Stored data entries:
====
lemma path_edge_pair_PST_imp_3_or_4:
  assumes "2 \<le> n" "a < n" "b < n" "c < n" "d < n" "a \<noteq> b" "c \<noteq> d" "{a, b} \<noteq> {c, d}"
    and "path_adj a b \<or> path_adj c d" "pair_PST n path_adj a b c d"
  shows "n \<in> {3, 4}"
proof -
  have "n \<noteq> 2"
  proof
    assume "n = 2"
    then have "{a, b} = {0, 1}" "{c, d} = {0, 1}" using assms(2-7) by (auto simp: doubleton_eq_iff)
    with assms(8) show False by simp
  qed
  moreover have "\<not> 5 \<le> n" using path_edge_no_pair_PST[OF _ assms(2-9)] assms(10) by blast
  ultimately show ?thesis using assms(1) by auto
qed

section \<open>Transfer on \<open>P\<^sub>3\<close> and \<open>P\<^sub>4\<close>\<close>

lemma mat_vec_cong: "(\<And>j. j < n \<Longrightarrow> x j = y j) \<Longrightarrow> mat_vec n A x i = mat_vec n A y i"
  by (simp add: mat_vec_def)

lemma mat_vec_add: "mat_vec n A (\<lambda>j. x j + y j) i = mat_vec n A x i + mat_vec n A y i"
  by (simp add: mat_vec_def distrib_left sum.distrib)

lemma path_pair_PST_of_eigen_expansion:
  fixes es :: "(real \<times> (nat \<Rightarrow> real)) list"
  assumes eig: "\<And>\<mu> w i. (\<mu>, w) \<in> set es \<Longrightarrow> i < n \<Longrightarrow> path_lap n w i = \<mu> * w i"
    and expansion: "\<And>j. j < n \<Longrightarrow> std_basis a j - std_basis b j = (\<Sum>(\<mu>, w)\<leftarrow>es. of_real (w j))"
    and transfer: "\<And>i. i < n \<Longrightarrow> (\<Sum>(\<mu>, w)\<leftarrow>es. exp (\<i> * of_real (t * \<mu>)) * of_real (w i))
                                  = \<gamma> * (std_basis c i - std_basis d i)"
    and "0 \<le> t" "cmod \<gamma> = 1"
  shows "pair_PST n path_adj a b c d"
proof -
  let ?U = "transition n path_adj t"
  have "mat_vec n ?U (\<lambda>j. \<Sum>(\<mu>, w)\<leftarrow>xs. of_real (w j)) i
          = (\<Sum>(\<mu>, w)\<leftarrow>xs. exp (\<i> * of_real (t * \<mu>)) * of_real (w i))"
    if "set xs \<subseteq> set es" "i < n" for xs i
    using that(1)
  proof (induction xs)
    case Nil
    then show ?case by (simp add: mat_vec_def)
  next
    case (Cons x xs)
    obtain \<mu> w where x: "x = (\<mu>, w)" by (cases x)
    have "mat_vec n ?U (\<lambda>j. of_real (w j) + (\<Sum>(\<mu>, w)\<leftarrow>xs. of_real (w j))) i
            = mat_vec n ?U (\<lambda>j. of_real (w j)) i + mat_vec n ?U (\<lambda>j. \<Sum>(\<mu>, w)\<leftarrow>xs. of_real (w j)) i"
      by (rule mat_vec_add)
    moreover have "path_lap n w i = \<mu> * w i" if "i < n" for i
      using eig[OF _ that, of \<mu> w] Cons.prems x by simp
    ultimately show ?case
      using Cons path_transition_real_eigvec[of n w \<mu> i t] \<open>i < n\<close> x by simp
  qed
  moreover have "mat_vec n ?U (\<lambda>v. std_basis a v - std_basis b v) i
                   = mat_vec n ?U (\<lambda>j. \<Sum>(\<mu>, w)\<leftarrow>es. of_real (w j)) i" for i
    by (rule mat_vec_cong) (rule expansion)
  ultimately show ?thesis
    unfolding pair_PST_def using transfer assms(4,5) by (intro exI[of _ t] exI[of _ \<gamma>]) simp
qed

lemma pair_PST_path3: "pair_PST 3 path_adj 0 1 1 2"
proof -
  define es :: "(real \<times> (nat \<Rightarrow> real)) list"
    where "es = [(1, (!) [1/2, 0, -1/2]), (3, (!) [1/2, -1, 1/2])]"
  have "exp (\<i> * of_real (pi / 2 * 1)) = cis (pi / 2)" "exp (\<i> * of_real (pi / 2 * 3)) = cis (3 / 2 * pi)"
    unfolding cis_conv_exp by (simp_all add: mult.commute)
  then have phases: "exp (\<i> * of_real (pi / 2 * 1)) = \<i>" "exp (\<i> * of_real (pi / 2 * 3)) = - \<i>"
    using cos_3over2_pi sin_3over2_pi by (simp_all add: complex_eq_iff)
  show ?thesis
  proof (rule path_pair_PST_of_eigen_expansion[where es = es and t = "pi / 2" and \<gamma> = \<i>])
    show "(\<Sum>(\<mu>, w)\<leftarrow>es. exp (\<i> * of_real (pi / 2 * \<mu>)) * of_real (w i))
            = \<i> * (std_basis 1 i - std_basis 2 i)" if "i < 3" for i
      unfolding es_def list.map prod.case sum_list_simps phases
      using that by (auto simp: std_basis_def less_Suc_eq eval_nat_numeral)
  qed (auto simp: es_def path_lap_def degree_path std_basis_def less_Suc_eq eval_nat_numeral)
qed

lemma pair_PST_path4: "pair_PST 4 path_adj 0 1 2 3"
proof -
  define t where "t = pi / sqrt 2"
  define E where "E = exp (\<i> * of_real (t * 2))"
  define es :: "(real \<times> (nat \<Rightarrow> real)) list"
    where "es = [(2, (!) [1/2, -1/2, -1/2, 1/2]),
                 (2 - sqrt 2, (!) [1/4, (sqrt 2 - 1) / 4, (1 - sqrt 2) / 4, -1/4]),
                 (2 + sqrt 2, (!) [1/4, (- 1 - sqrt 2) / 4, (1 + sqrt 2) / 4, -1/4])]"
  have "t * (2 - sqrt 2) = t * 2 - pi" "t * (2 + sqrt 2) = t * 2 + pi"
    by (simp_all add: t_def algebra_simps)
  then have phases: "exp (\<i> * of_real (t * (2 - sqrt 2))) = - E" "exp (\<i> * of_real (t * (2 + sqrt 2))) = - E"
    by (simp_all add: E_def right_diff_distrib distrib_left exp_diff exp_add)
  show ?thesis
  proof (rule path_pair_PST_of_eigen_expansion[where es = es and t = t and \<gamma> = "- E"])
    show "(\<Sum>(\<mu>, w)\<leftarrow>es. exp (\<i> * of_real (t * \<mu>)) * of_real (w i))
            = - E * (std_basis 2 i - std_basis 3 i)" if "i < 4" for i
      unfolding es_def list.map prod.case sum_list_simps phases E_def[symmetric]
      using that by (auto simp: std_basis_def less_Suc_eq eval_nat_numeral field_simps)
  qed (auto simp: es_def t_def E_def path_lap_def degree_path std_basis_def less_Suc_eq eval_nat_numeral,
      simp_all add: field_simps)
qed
====
**Task item:**
Give the lines again, exactly as they stand, from the beginning of the data through the line with "(\<mu>, w) \<in>".

**Solution to this exercise:**
lemma path_edge_pair_PST_imp_3_or_4:
  assumes "2 \<le> n" "a < n" "b < n" "c < n" "d < n" "a \<noteq> b" "c \<noteq> d" "{a, b} \<noteq> {c, d}"
    and "path_adj a b \<or> path_adj c d" "pair_PST n path_adj a b c d"
  shows "n \<in> {3, 4}"
proof -
  have "n \<noteq> 2"
  proof
    assume "n = 2"
    then have "{a, b} = {0, 1}" "{c, d} = {0, 1}" using assms(2-7) by (auto simp: doubleton_eq_iff)
    with assms(8) show False by simp
  qed
  moreover have "\<not> 5 \<le> n" using path_edge_no_pair_PST[OF _ assms(2-9)] assms(10) by blast
  ultimately show ?thesis using assms(1) by auto
qed

section \<open>Transfer on \<open>P\<^sub>3\<close> and \<open>P\<^sub>4\<close>\<close>

lemma mat_vec_cong: "(\<And>j. j < n \<Longrightarrow> x j = y j) \<Longrightarrow> mat_vec n A x i = mat_vec n A y i"
  by (simp add: mat_vec_def)

lemma mat_vec_add: "mat_vec n A (\<lambda>j. x j + y j) i = mat_vec n A x i + mat_vec n A y i"
  by (simp add: mat_vec_def distrib_left sum.distrib)

lemma path_pair_PST_of_eigen_expansion:
  fixes es :: "(real \<times> (nat \<Rightarrow> real)) list"
  assumes eig: "\<And>\<mu> w i. (\<mu>, w) \<in> set es \<Longrightarrow> i < n \<Longrightarrow> path_lap n w i = \<mu> * w i"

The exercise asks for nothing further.